Task brief:
Scan the records for the word "auto". Return each line where it is found.

Supplied information:
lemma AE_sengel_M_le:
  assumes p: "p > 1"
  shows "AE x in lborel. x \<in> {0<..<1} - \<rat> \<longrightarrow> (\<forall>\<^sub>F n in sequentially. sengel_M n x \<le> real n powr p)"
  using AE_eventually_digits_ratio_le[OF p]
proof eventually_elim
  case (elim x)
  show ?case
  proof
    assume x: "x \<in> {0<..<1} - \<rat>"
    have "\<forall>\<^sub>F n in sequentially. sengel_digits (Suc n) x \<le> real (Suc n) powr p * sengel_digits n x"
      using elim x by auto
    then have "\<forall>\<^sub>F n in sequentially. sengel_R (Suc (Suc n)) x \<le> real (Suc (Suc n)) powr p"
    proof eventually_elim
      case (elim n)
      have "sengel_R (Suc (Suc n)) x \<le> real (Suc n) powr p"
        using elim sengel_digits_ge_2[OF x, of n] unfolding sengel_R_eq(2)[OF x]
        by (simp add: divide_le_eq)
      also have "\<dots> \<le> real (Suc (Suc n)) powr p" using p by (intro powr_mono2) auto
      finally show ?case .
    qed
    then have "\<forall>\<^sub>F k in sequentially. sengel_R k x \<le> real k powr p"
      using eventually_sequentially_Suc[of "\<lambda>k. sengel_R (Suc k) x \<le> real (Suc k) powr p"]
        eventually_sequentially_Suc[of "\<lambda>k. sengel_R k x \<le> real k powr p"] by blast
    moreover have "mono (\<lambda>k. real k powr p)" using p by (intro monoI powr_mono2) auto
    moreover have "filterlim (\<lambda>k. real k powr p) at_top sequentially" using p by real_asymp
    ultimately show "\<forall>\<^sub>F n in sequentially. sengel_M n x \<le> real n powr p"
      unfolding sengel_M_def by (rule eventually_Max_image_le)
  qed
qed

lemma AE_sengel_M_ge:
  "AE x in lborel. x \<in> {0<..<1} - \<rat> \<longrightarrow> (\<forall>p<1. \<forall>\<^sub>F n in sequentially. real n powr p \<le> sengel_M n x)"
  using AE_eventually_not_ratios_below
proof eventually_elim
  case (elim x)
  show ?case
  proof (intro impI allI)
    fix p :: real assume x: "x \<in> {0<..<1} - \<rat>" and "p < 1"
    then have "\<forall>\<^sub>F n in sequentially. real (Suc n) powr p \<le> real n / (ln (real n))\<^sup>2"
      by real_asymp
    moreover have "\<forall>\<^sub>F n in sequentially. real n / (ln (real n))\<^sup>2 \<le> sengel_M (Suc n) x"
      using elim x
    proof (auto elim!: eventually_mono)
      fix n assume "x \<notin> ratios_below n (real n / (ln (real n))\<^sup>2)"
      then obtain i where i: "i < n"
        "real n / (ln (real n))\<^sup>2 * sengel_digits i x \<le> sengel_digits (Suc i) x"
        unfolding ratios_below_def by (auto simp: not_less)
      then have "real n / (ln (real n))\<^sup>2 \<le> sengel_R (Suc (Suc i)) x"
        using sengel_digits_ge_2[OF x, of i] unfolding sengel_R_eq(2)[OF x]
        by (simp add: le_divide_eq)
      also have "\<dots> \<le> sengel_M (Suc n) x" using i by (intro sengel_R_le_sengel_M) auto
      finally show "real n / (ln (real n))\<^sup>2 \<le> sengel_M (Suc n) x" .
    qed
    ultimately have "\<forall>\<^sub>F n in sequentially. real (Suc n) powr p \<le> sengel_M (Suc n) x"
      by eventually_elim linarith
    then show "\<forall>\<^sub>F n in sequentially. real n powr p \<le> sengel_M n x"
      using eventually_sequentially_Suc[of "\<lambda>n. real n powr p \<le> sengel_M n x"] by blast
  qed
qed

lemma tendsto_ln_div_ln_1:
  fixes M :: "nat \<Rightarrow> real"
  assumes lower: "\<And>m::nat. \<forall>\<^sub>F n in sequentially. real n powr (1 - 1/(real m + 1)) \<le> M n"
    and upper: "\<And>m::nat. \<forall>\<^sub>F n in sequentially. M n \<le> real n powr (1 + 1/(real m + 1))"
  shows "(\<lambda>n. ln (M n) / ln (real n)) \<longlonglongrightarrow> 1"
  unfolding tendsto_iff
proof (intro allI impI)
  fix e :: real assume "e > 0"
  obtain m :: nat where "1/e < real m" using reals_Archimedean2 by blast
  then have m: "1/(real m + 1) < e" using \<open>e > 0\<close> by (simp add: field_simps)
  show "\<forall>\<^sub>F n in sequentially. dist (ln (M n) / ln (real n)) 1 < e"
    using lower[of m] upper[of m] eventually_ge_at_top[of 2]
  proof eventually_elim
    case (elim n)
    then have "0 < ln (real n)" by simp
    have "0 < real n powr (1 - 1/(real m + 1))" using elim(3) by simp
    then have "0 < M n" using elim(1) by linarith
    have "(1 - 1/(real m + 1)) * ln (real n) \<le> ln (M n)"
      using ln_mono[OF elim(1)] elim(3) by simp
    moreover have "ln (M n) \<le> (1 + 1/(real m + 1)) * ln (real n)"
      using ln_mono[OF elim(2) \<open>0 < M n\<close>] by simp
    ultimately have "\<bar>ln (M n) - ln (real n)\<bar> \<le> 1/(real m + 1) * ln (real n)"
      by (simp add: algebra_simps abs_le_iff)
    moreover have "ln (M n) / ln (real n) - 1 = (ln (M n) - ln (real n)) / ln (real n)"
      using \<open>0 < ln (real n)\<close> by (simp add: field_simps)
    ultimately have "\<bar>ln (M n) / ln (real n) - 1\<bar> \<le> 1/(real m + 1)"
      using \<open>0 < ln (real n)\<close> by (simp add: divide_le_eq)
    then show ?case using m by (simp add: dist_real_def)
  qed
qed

Solution for this problem:
      using elim x by auto
      also have "\<dots> \<le> real (Suc (Suc n)) powr p" using p by (intro powr_mono2) auto
    moreover have "mono (\<lambda>k. real k powr p)" using p by (intro monoI powr_mono2) auto
    proof (auto elim!: eventually_mono)
        unfolding ratios_below_def by (auto simp: not_less)
      also have "\<dots> \<le> sengel_M (Suc n) x" using i by (intro sengel_R_le_sengel_M) auto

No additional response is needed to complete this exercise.